Great. For me. But non of this helps Mary-Lou who is desperate to hear God tell her it wasn’t her fault.

Spiritual Pain

Posted 11 months, 1 week ago at 7:11 pm. 0 comments

I am currently reading Philip Yancey’s book “Where Is God When It Hurts“. I had to buy it after asking my friends if anyone had a copy. I was fairly suprised that no-one had the book, but it’s probably quite telling about Western Evangelical Christianity.

I’m definitely finding the book interesting but so far it has been about physical pain rather than emotional pain so I’ve not got alot out of it yet. But it got me thinking about pain differently. Philip Yancey suggests that pain is a wonderful example of God’s awesome creation - God created pain! The nervous system in each one of us protects us from further harm by detecting heat, cold, pressure, friction, etc. Pain is a warning system. He also suggests that fear, loneliness and guilt are good as they help us to make better decisions.

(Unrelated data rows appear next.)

lemma segments_concat_blocks:
  "\<forall>c\<in>set cs. is_block m c \<Longrightarrow>
    segments (concat cs) (run_starts m (concat cs) @ [length (concat cs)]) = cs"
proof (induction cs)
  case Nil
  then show ?case by (simp add: segments_def run_starts_def)
next
  case (Cons c cs)
  let ?r = "concat cs"
  have c: "is_block m c" using Cons.prems by simp
  have first_start: "(run_starts m ?r @ [length ?r]) ! 0 = 0"
  proof (cases cs)
    case Nil
    then show ?thesis by (simp add: run_starts_def)
  next
    case (Cons c' cs')
    then have "is_block m c'" using Cons.prems by simp
    from run_starts_block_append[OF this] show ?thesis using Cons by simp
  qed
  have "run_starts m (concat (c # cs)) @ [length (concat (c # cs))]
      = 0 # map (\<lambda>i. i + length c) (run_starts m ?r @ [length ?r])"
    using run_starts_block_append[OF c] by simp
  then have "segments (concat (c # cs)) (run_starts m (concat (c # cs)) @ [length (concat (c # cs))])
      = c # segments ?r (run_starts m ?r @ [length ?r])"
    using segments_shifted_Cons[OF _ first_start, of c ?r] by (simp add: add.commute)
  with Cons show ?case by simp
qed

lemma blocks_concat: "is_block_list cs \<Longrightarrow> blocks (concat cs) = cs"
  unfolding is_block_list_def using segments_concat_blocks blocks_conv_segments by metis

lemma nblocks_concat: "is_block_list cs \<Longrightarrow> nblocks (concat cs) = length cs"
  using blocks_concat length_blocks by metis

lemma concat_blocks_exists:
  "u \<noteq> [] \<Longrightarrow> hd u = m \<Longrightarrow> last u \<noteq> m \<Longrightarrow> \<exists>cs. concat cs = u \<and> (\<forall>c\<in>set cs. is_block m c)"
proof (induction "length u" arbitrary: u rule: less_induct)
  case less
  define a where "a = length (takeWhile (\<lambda>x. x = m) u)"
  define tl_u where "tl_u = dropWhile (\<lambda>x. x = m) u"
  define x where "x = takeWhile (\<lambda>y. y \<noteq> m) tl_u"
  define r where "r = dropWhile (\<lambda>y. y \<noteq> m) tl_u"
  have "\<forall>y\<in>set (takeWhile (\<lambda>x. x = m) u). y = m" by (auto dest: set_takeWhileD)
  then have "takeWhile (\<lambda>x. x = m) u = replicate a m"
    unfolding a_def by (simp add: replicate_length_same)
  then have u: "u = replicate a m @ tl_u" "tl_u = x @ r"
    unfolding tl_u_def x_def r_def by (metis takeWhile_dropWhile_id)+
  have a: "a > 0" using less.prems unfolding a_def by (cases u) auto
  have "tl_u \<noteq> []" using u(1) a less.prems(3) by auto
  then have "hd tl_u \<noteq> m" using hd_dropWhile[of "\<lambda>x. x = m" u] unfolding tl_u_def by simp
  then have "x \<noteq> []" using \<open>tl_u \<noteq> []\<close> unfolding x_def by (cases tl_u) auto
  moreover have "m \<notin> set x" unfolding x_def by (auto dest: set_takeWhileD)
  ultimately have first_block: "is_block m (replicate a m @ x)" using a is_block_def by blast
  show ?case
  proof (cases "r = []")
    case True
    then show ?thesis using u first_block by (intro exI[of _ "[replicate a m @ x]"]) simp
  next
    case False
    have "hd r = m" using hd_dropWhile[of "\<lambda>y. y \<noteq> m" tl_u] False unfolding r_def by simp
    moreover have "last r \<noteq> m" using less.prems(3) u False by simp
    moreover have "length r < length u" using u \<open>x \<noteq> []\<close> by simp
    ultimately obtain cs where "concat cs = r" "\<forall>c\<in>set cs. is_block m c"
      using less.hyps False by blast
    then show ?thesis using u first_block by (intro exI[of _ "(replicate a m @ x) # cs"]) simp
  qed
qed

If all that is uncomfortable, read the book!

I started wondering about spiritual pain. If we are also spirits, can we suffer spiritual pain? What could cause spiritual pain? How would it feel? How would we describe it? Would there be another set of words?

When I picture what happened to me when Amy died I imagine myself being torn to pieces from the inside out. I’ve never been through such an emotional event before so I find it difficult to describe my feelings which makes it even harder to distinguish between my emotional pain and my spiritual pain.

All I know right now is that it’s very painful and confusing.